La litière sera changée deux fois par semaine, voire trois fois en cas de production d’urine excessive des souris NASH (valable surtout en fin de procédure pour les souris NASH non traitées). Au cours des phases de stabulation, plusieurs animaux du même sexe seront hébergés dans la même cage. En revanche, lors des phases d’expérimentation, les animaux seront isolés (une souris / boîte, 30 minutes maximum) afin de limiter la transmission du stress inter-individu. La manipulation se fera en dehors du champ de vision des animaux en attente d’expérimentation. Pour le bien-être de l’animal, les souris seront anesthésiées lors de certaines méthodologies (injections) ou habituées au moins une semaine à l’avance à la contention (prise de sang). Cela devrait réduire le stress au minimum. Toute modification du comportement de l’animal (prostration, anxiété, isolement, troubles de l’équilibre), d’une variation significative du poids (environ 20% de gain de la masse corporelle) ou d’un taux élevé de sucres dans le sang (> 6g/l ) seront des points limites clés afin de juger de la nécessité ou non de l’euthanasie de l’animal. Au cours de l’expérimentation et notamment juste avant les phases des injections, des anesthésiques généraux seront administrés. Une grille de score définie nous permettra d’évaluer l’état dans lequel se trouvent les individus. Afin de limiter les perturbations locomotrices, l’age de 2 mois post-natals des souris pour le début du traitement et la durée de 10 semaines (pour le traitement) ont été choisis afin que le phénotype dommageable ne soit pas atteint. Ainsi cette nuisance devrait être limitée dans la durée de la procédure (10 semaines).
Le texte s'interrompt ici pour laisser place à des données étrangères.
(* Let $q$ be a prime power, $m\ge 2$, $1\le k<n$, and let $0<s<m$ with $\gcd(s,m)=1$. Then: (1) For $A \in \mathbb{F}_{q^m}^{k\times (n-k)}$, there exists $X \in \mathbb{F}_{q^m}^{k\times (n-k)}$ with $\varPhi_s(X)=A$ if and only if $A\in\mathcal K$. (2) If $A \in \mathcal R_1$, then $|\varPhi_s^{-1}(A)|=0$ if $A\notin \mathcal K$, and $|\varPhi_s^{-1}(A)|=q^{k(n-k)}$ if $A\in \mathcal K$. (3) $\mathcal G(s)=\varPhi_s^{-1}(\mathcal R_1^*\cap \mathcal K)$, and $|\mathcal G(1)|=|\mathcal G(s)|=q^{k(n-k)}|\mathcal R_1^*\cap \mathcal K|$.
   Context: $\mathrm{Tr}_{\mathbb{F}_{q^m}/\mathbb{F}_q}(\alpha)=\sum_{i=0}^{m-1}\alpha^{q^i}$. $\varPhi_s:\mathbb{F}_{q^m}^{k\times (n-k)}\to\mathbb{F}_{q^m}^{k\times (n-k)}$, $X\mapsto X^{(q^s)}-X$, where $X^{(q^s)}$ raises each entry to the $q^s$-th power. $\mathcal R_1:=\{A\in \mathbb{F}_{q^m}^{k\times (n-k)} \mid \mathrm{rk}(A)=1\}$, $\mathcal R_1^*:=\{A\in (\mathbb{F}_{q^m}^* )^{k\times (n-k)} \mid \mathrm{rk}(A)=1\}$, $\mathcal K:=\left(\ker \mathrm{Tr}_{\mathbb{F}_{q^m}/\mathbb{F}_q}\right)^{k\times(n-k)}$, and $\mathcal G(s):=\{X \in (\mathbb{F}_{q^m}\setminus \mathbb{F}_q)^{k\times (n-k)} \mid \mathrm{rk}(X^{(q^s)}-X)=1\}$. *)

theory Defs
  imports "HOL-Analysis.Analysis" "HOL-Computational_Algebra.Primes"
begin

(* The ambient field F_{q^m} is a finite field type 'a with CARD('a) = q^m.
   Its subfield F_q is the set of fixed points of the q-Frobenius. *)
definition Fq :: "nat \<Rightarrow> 'a::{field,finite} set" where
  "Fq q = {x. x ^ q = x}"

definition trace :: "nat \<Rightarrow> nat \<Rightarrow> 'a::{field,finite} \<Rightarrow> 'a" where
  "trace q m a = (\<Sum>i<m. a ^ (q ^ i))"

(* Matrices in F_{q^m}^{k x (n-k)}: type 'a^'l^'k with CARD('k) = k, CARD('l) = n-k *)
definition Phi :: "nat \<Rightarrow> nat \<Rightarrow> 'a::{field,finite}^'l^'k \<Rightarrow> 'a^'l^'k" where
  "Phi q s X = (\<chi> i j. (X$i$j) ^ (q ^ s) - X$i$j)"

definition R1 :: "('a::{field,finite}^'l^'k) set" where
  "R1 = {A. rank A = 1}"

definition R1star :: "('a::{field,finite}^'l^'k) set" where
  "R1star = {A. (\<forall>i j. A$i$j \<noteq> 0) \<and> rank A = 1}"
text \<open>Near the flat point q, M lies in the hyperplane orthogonal to e, so moving from \<Phi> q
  along w \<in> L does not change e \<bullet> \<Psi>, whereas the linearization at \<Phi> p predicts a change
  proportional to e \<bullet> \<Psi>'(\<Phi> p) w.\<close>
lemma flat_point_linearization_bound:
  assumes r: "ball (\<Phi> p) r \<subseteq> V"
    and lin: "\<And>a b. a \<in> ball (\<Phi> p) r \<Longrightarrow> b \<in> ball (\<Phi> p) r \<Longrightarrow>
       norm (\<Psi> a - \<Psi> b - \<Psi>' (\<Phi> p) (a - b)) \<le> \<eta> * norm (a - b)"
    and q: "q \<in> flat_locus M e" "q \<in> U" "dist (\<Phi> q) (\<Phi> p) < r" and w: "w \<in> L" "w \<noteq> 0"
  shows "\<bar>e \<bullet> \<Psi>' (\<Phi> p) w\<bar> \<le> (norm e * norm w) * \<eta>"
proof -
  let ?z = "\<Phi> p" and ?zq = "\<Phi> q"
  obtain \<delta> where qM: "q \<in> M" and \<delta>: "\<delta> > 0" "\<And>m. m \<in> M \<Longrightarrow> dist m q < \<delta> \<Longrightarrow> e \<bullet> m = 0"
    using q(1) unfolding flat_locus_def by blast
  have zq: "?zq \<in> V" "?zq \<in> L" "\<Psi> ?zq = q" using chart_point qM q(2) by blast+
  have "continuous (at ?zq) \<Psi>" using Psi_deriv zq(1) has_derivative_continuous by blast
  then obtain \<rho>1 where \<rho>1: "\<rho>1 > 0" "\<And>b. dist b ?zq < \<rho>1 \<Longrightarrow> dist (\<Psi> b) q < \<delta>"
    using \<delta>(1) zq(3) unfolding continuous_at_eps_delta by metis
  define \<rho> where "\<rho> = min \<rho>1 (r - dist ?zq ?z)"
  have \<rho>: "\<rho> > 0" "\<rho> \<le> \<rho>1" "\<rho> \<le> r - dist ?zq ?z" unfolding \<rho>_def using \<rho>1 q(3) by auto
  define s where "s = \<rho> / (2 * norm w)"
  have s: "s > 0" unfolding s_def using \<rho> w(2) by simp
  define b where "b = ?zq + s *\<^sub>R w"
  have db: "dist b ?zq = \<rho> / 2" unfolding b_def s_def using w(2) \<rho> by (simp add: dist_norm)
  have "dist ?z b \<le> dist ?z ?zq + dist ?zq b" by (rule dist_triangle)
  also have "\<dots> < r" using db \<rho> by (simp add: dist_commute)
  finally have b_near: "b \<in> ball ?z r" by simp
  have "b \<in> L" unfolding b_def using subspace_L zq(2) w(1) by (simp add: subspace_add subspace_scale)
  then have "\<Psi> b \<in> M" using chart_preimage b_near r by blast
  moreover have "dist (\<Psi> b) q < \<delta>" using \<rho>1(2) db \<rho> by simp
  ultimately have eb: "e \<bullet> \<Psi> b = 0" using \<delta>(2) by blast
  define err where "err = \<Psi> b - \<Psi> ?zq - \<Psi>' ?z (b - ?zq)"
  have "e \<bullet> err = - s * (e \<bullet> \<Psi>' ?z w)"
    using eb \<delta>(2)[OF qM] \<delta>(1) zq(3) unfolding err_def b_def
    by (simp add: inner_diff_right blinfun.scaleR_right)
  then have "s * \<bar>e \<bullet> \<Psi>' ?z w\<bar> \<le> norm e * norm err"
    using Cauchy_Schwarz_ineq2[of e err] s by (simp add: abs_mult)
  also have "\<dots> \<le> norm e * (\<eta> * norm (b - ?zq))"
    using lin[OF b_near] q(3) unfolding err_def by (simp add: dist_commute mult_left_mono)
  also have "\<dots> = s * ((norm e * norm w) * \<eta>)" using s unfolding b_def by (simp add: algebra_simps)
  finally show ?thesis using s by simp
qed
Au moment de l’euthanasie, de part l’expérience que nous avons de ce modèle nous estimons que les souris non traitées ne devraient pas atteindre le phénotype dommageable (e.i poids >40 g). Si c’est le cas avant la date d’euthanasie, initialement déterminée, alors nous interromprons l’ensemble du protocole pour la totalité des souris. Ces dernières seront alors euthanasiées pour l’analyse tissulaire.
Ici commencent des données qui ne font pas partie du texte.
lemma add_subgroup_of_int_mult:
  fixes H :: "'a::ring_1 set"
  assumes H: "add_subgroup H" and x: "x \<in> H"
  shows "of_int m * x \<in> H"
proof -
  have nat_mult: "of_nat n * x \<in> H" for n
    using H x by (induction n) (auto simp: add_subgroup_def distrib_right)
  show ?thesis
  proof (cases m rule: int_cases)
    case (neg n)
    then have "of_int m * x = - (of_nat (Suc n) * x)"
      by (metis minus_mult_left of_int_minus of_int_of_nat_eq)
    moreover have "- (of_nat (Suc n) * x) \<in> H"
      using nat_mult H unfolding add_subgroup_def by blast
    ultimately show ?thesis by simp
  qed (use nat_mult in simp)
qed

lemma add_subgroup_int_combination:
  fixes H :: "'a::ring_1 set"
  assumes "add_subgroup H" "x \<in> H" "y \<in> H"
  shows "of_int a * x + of_int b * y \<in> H"
  using assms add_subgroup_of_int_mult unfolding add_subgroup_def by blast

lemma add_subgroup_inverse_denominator:
  assumes H: "add_subgroup H" "1 \<in> H" "x \<in> H" and x: "quotient_of x = (p, q)"
  shows "1 / of_int q \<in> H"
proof -
  obtain u w where "u * p + w * q = 1"
    using bezout_int quotient_of_coprime[OF x] by (metis coprime_iff_gcd_eq_1)
  then have "1 / (of_int q :: rat) = of_int u * x + of_int w * 1"
    using quotient_of_denom_pos[OF x] unfolding quotient_of_div[OF x]
    by (simp add: field_simps flip: of_int_mult of_int_add)
  then show ?thesis
    using add_subgroup_int_combination[OF H(1,3,2), of u w] by simp
qed

lemma add_subgroup_inverse_lcm:
  fixes H :: "'a::field_char_0 set"
  assumes H: "add_subgroup H" and "0 < a" "0 < b"
    and "1 / of_int a \<in> H" "1 / of_int b \<in> H"
  shows "1 / of_int (lcm a b) \<in> H"
proof -
  obtain u w where uw: "u * a + w * b = gcd a b"
    using bezout_int by blast
  have "a * b = gcd a b * lcm a b"
    using prod_gcd_lcm_int[of a b] assms(2,3) by simp
  then have "1 / (of_int (lcm a b) :: 'a) = of_int u * (1 / of_int b) + of_int w * (1 / of_int a)"
    using assms(2,3) uw lcm_pos_int[of a b]
    by (simp add: field_simps flip: of_int_mult of_int_add)
  then show ?thesis
    using add_subgroup_int_combination[OF H assms(5,4), of u w] by simp
qed

fun denominator_chain :: "rat set \<Rightarrow> nat \<Rightarrow> int" where
  "denominator_chain H 0 = 1"
| "denominator_chain H (Suc n) =
    (if 1 / of_nat (Suc n) \<in> H then lcm (denominator_chain H n) (int (Suc n))
     else denominator_chain H n)"

lemma denominator_chain_pos: "0 < denominator_chain H n"
  by (induction n) (auto simp: lcm_pos_int)

lemma denominator_chain_dvd_Suc: "denominator_chain H n dvd denominator_chain H (Suc n)"
  by simp

lemma inverse_denominator_chain_mem:
  assumes "add_subgroup H" "1 \<in> H"
  shows "1 / of_int (denominator_chain H n) \<in> H"
proof (induction n)
  case (Suc n)
  then show ?case
    using add_subgroup_inverse_lcm[OF assms(1) denominator_chain_pos, of "int (Suc n)"]
    by simp
qed (use assms in simp)

lemma add_subgroup_rat_denominator_chain:
  assumes H: "add_subgroup H" "1 \<in> H"
  shows "H = range (\<lambda>(n, m). of_int m / of_int (denominator_chain H n))"
proof (intro set_eqI iffI)
  fix x assume "x \<in> H"
  obtain p q where x: "quotient_of x = (p, q)"
    by (cases "quotient_of x")
  obtain n where n: "q = int (Suc n)"
    using quotient_of_denom_pos[OF x] by (metis gr0_implies_Suc pos_int_cases)
  have "1 / (of_nat (Suc n) :: rat) \<in> H"
    using add_subgroup_inverse_denominator[OF H \<open>x \<in> H\<close> x] n by simp
  then have "q dvd denominator_chain H (Suc n)"
    using n by simp
  then obtain c where c: "denominator_chain H (Suc n) = q * c" ..
  have "0 < c"
    using c denominator_chain_pos[of H "Suc n"] n by (simp add: zero_less_mult_iff)
  then have "x = of_int (p * c) / of_int (denominator_chain H (Suc n))"
    unfolding c quotient_of_div[OF x] by simp
  then show "x \<in> range (\<lambda>(n, m). of_int m / of_int (denominator_chain H n))"
    using rangeI[of "\<lambda>(n, m). of_int m / of_int (denominator_chain H n)" "(Suc n, p * c)"]
    by simp
next
  fix x :: rat
  assume "x \<in> range (\<lambda>(n, m). of_int m / of_int (denominator_chain H n))"
  then obtain n m where "x = of_int m / of_int (denominator_chain H n)"
    by auto
  then show "x \<in> H"
    using add_subgroup_of_int_mult[OF H(1) inverse_denominator_chain_mem[OF H], of m n] by simp
qed

locale divisor_chain =
  fixes d :: "nat \<Rightarrow> int"
  assumes pos: "0 < d n"
    and dvd_Suc: "d n dvd d (Suc n)"
begin

definition stage_val :: "nat \<times> int \<Rightarrow> rat" where
  "stage_val = (\<lambda>(n, x). of_int x / of_int (d n))"

definition scale_map :: "nat \<Rightarrow> int \<Rightarrow> int" where
  "scale_map n x = (d (Suc n) div d n) * x"

definition limit_class :: "rat \<Rightarrow> (nat \<times> int) set" where
  "limit_class r = stage_val -` {r}"

lemma stage_val_simp [simp]: "stage_val (n, x) = of_int x / of_int (d n)"
  by (simp add: stage_val_def)

lemma stage_val_eq_iff [simp]: "stage_val (n, x) = stage_val (n, y) \<longleftrightarrow> x = y"
  using pos[of n] by simp

lemma stage_val_add: "stage_val (n, x + y) = stage_val (n, x) + stage_val (n, y)"
  by (simp add: add_divide_distrib)

lemma group_hom_scale_map: "group_hom (scale_map n)"
  by (simp add: group_hom_def scale_map_def distrib_left)

lemma stage_val_scale_map: "stage_val (Suc n, scale_map n x) = stage_val (n, x)"
proof -
  obtain k where k: "d (Suc n) = d n * k"
    using dvd_Suc by blast
  then have "0 < k"
    using pos[of n] pos[of "Suc n"] by (simp add: zero_less_mult_iff)
  then show ?thesis
    using k pos[of n] by (simp add: scale_map_def)
qed

lemma stage_val_trans_map:
  assumes "n \<le> k"
  shows "stage_val (k, trans_map scale_map n (k - n) x) = stage_val (n, x)"
proof -
  have "stage_val (n + j, trans_map scale_map n j x) = stage_val (n, x)" for j
  proof (induction j)
    case (Suc j)
    then show ?case
      using stage_val_scale_map[of "n + j"] by simp
  qed simp
  then show ?thesis
    using assms by (metis le_add_diff_inverse)
qed

lemma dl_rel_eq: "dl_rel scale_map = {(p, q). stage_val p = stage_val q}"
proof (intro set_eqI iffI)
  fix z assume "z \<in> dl_rel scale_map"
  then obtain n x m y k where "z = ((n, x), (m, y))" "n \<le> k" "m \<le> k"
    "trans_map scale_map n (k - n) x = trans_map scale_map m (k - m) y"
    unfolding dl_rel_def by blast
  then show "z \<in> {(p, q). stage_val p = stage_val q}"
    by (metis (mono_tags) case_prodI mem_Collect_eq stage_val_trans_map)
next
  fix z assume "z \<in> {(p, q). stage_val p = stage_val q}"
  then obtain n x m y where z: "z = ((n, x), (m, y))" and "stage_val (n, x) = stage_val (m, y)"
    by auto
  then have "stage_val (max n m, trans_map scale_map n (max n m - n) x) =
      stage_val (max n m, trans_map scale_map m (max n m - m) y)"
    using stage_val_trans_map[of n "max n m" x] stage_val_trans_map[of m "max n m" y]
    by (simp del: stage_val_simp)
  then have "trans_map scale_map n (max n m - n) x = trans_map scale_map m (max n m - m) y"
    by (simp only: stage_val_eq_iff)
  then show "z \<in> dl_rel scale_map"
    unfolding dl_rel_def z by (auto intro!: exI[of _ "max n m"])
qed

lemma dl_rel_Image: "dl_rel scale_map `` {p} = limit_class (stage_val p)"
  by (auto simp: dl_rel_eq limit_class_def)

lemma dl_carrier_eq: "dl_carrier scale_map = limit_class ` range stage_val"
  unfolding dl_carrier_def quotient_def dl_rel_Image by auto

lemma inj_on_limit_class: "inj_on limit_class (range stage_val)"
  by (rule inj_onI) (auto simp: limit_class_def)

lemma dl_add_limit_class:
  assumes "r \<in> range stage_val" "s \<in> range stage_val"
  shows "dl_add scale_map (limit_class r) (limit_class s) = limit_class (r + s)"
proof (intro set_eqI iffI)
  fix q assume "q \<in> dl_add scale_map (limit_class r) (limit_class s)"
  then obtain n x m y k where "(n, x) \<in> limit_class r" "(m, y) \<in> limit_class s" "n \<le> k" "m \<le> k"
    and q: "q \<in> limit_class
      (stage_val (k, trans_map scale_map n (k - n) x + trans_map scale_map m (k - m) y))"
    unfolding dl_add_def dl_rel_Image by blast
  then show "q \<in> limit_class (r + s)"
    by (simp add: stage_val_add[of k] stage_val_trans_map limit_class_def del: stage_val_simp)
next
  fix q assume q: "q \<in> limit_class (r + s)"
  obtain n x m y where nx: "stage_val (n, x) = r" and my: "stage_val (m, y) = s"
    using assms by auto
  let ?k = "max n m"
  have "stage_val (?k, trans_map scale_map n (?k - n) x + trans_map scale_map m (?k - m) y) = r + s"
    using nx my by (simp add: stage_val_add[of ?k] stage_val_trans_map del: stage_val_simp)
  then have "q \<in> dl_rel scale_map ``
      {(?k, trans_map scale_map n (?k - n) x + trans_map scale_map m (?k - m) y)}"
    using q by (simp add: dl_rel_Image)
  moreover have "(n, x) \<in> limit_class r" "(m, y) \<in> limit_class s"
    using nx my by (auto simp: limit_class_def)
  moreover have "n \<le> ?k" "m \<le> ?k"
    by simp_all
  ultimately show "q \<in> dl_add scale_map (limit_class r) (limit_class s)"
    unfolding dl_add_def
    by - (rule CollectI, rule exI[of _ n], rule exI[of _ x], rule exI[of _ m], rule exI[of _ y],
        rule exI[of _ ?k], simp)
qed

lemma dl_pos_eq:
  "dl_pos scale_map (\<lambda>n. {x. stage_val (n, x) \<in> Q}) = limit_class ` (Q \<inter> range stage_val)"
  unfolding dl_pos_def dl_carrier_eq by (auto simp: limit_class_def simp del: stage_val_simp)

lemma order_embedding_scale_map:
  "order_embedding {x. stage_val (n, x) \<in> Q} {x. stage_val (Suc n, x) \<in> Q} (scale_map n)"
proof -
  have "inj (scale_map n)"
    by (rule injI) (metis stage_val_eq_iff stage_val_scale_map)
  moreover have "scale_map n x \<in> {x. stage_val (Suc n, x) \<in> Q} \<longleftrightarrow> x \<in> {x. stage_val (n, x) \<in> Q}"
    for x
    by (simp only: mem_Collect_eq stage_val_scale_map)
  ultimately show ?thesis
    unfolding order_embedding_def using group_hom_scale_map by blast
qed

end

locale chain_presentation = divisor_chain d for d +
  fixes v :: "'a::ab_group_add \<Rightarrow> rat"
  assumes v_hom: "group_hom v"
    and v_inj: "inj v"
    and range_v: "range v = range (\<lambda>(n, m). of_int m / of_int (d n))"
begin

definition stage_embedding :: "nat \<Rightarrow> int \<Rightarrow> 'a" where
  "stage_embedding n x = inv v (stage_val (n, x))"

definition stage_cone :: "'a set \<Rightarrow> nat \<Rightarrow> int set" where
  "stage_cone Pos = (\<lambda>n. {x. stage_val (n, x) \<in> v ` Pos})"

lemma range_v_eq: "range v = range stage_val"
  unfolding range_v stage_val_def ..

lemma v_stage_embedding: "v (stage_embedding n x) = stage_val (n, x)"
proof -
  have "stage_val (n, x) \<in> range v"
    unfolding range_v_eq by (rule rangeI)
  then show ?thesis
    unfolding stage_embedding_def by (rule f_inv_into_f)
qed

lemma group_hom_stage_embedding: "group_hom (stage_embedding n)"
  unfolding group_hom_def
proof (intro allI)
  fix x y
  have "v (stage_embedding n (x + y)) = v (stage_embedding n x + stage_embedding n y)"
    using v_hom unfolding group_hom_def by (simp only: v_stage_embedding stage_val_add)
  then show "stage_embedding n (x + y) = stage_embedding n x + stage_embedding n y"
    by (rule injD[OF v_inj])
qed

lemma inj_stage_embedding: "inj (stage_embedding n)"
  by (rule injI) (metis stage_val_eq_iff v_stage_embedding)

lemma stage_cone_eq_vimage: "stage_cone Pos n = stage_embedding n -` Pos"
proof -
  have "stage_val (n, x) \<in> v ` Pos \<longleftrightarrow> stage_embedding n x \<in> Pos" for x
    unfolding v_stage_embedding[symmetric] by (rule inj_image_mem_iff[OF v_inj])
  then show ?thesis
    unfolding stage_cone_def vimage_def by (simp del: stage_val_simp)
qed

lemma simple_component_stage_cone:
  assumes "simple_po_group Pos"
  shows "simple_component (stage_cone Pos n)"
  unfolding simple_component_def stage_cone_eq_vimage
proof (rule simple_po_group_vimage[OF assms group_hom_stage_embedding inj_stage_embedding])
  have "(1 :: int) \<notin> {0}"
    by simp
  then show "(UNIV :: int set) \<noteq> {0}"
    by blast
qed

lemma order_embedding_stage_cone:
  "order_embedding (stage_cone Pos n) (stage_cone Pos (Suc n)) (scale_map n)"
  unfolding stage_cone_def by (rule order_embedding_scale_map)

lemma order_iso_to_dl_stage_cone: "order_iso_to_dl Pos (stage_cone Pos) scale_map"
proof -
  have "bij_betw v UNIV (range stage_val)"
    using v_inj range_v_eq by (simp add: bij_betw_def)
  moreover have "bij_betw limit_class (range stage_val) (dl_carrier scale_map)"
    using inj_on_limit_class dl_carrier_eq by (simp add: bij_betw_def)
  ultimately have "bij_betw (limit_class \<circ> v) UNIV (dl_carrier scale_map)"
    by (rule bij_betw_trans)
  moreover have "(limit_class \<circ> v) (a + b) =
      dl_add scale_map ((limit_class \<circ> v) a) ((limit_class \<circ> v) b)" for a b
  proof -
    have "v a \<in> range stage_val" "v b \<in> range stage_val"
      unfolding range_v_eq[symmetric] by simp_all
    then show ?thesis
      using v_hom unfolding group_hom_def by (simp add: dl_add_limit_class)
  qed
  moreover have "(limit_class \<circ> v) ` Pos = dl_pos scale_map (stage_cone Pos)"
  proof -
    have "v ` Pos \<inter> range stage_val = v ` Pos"
      using range_v_eq by auto
    then show ?thesis
      unfolding stage_cone_def dl_pos_eq by (simp add: image_comp)
  qed
  ultimately show ?thesis
    unfolding order_iso_to_dl_def by (intro exI[of _ "limit_class \<circ> v"]) simp
qed

end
Expliquer le choix des espèces et les stades de développement y afférents.

Les souris ont un génome très proche de celui de l’Homme, et leur système physiologique récapitule assez bien les observations faites chez l’Homme. Aujourd’hui, la souris représente le meilleur modèle pour tester l’efficacité de nouvelles molécules thérapeutiques et le meilleur compromis entre les besoins expérimentaux et le respect du critère de choix de l’espèce. Deux souches seront nécessaire à l’étude, les souris obèses qui subiront les traitements et des souris controles non diabétiques, non obéses, non traitées qui représenteront le témoin négatif et la référence de poids normal. Dans le but de se placer dans des conditions expérimentales les plus représentatives de la réalité physiologique rencontrée en médecine humaine, les souris utilisées seront des souris adultes âgées de 2 mois à l’initiation des procédures.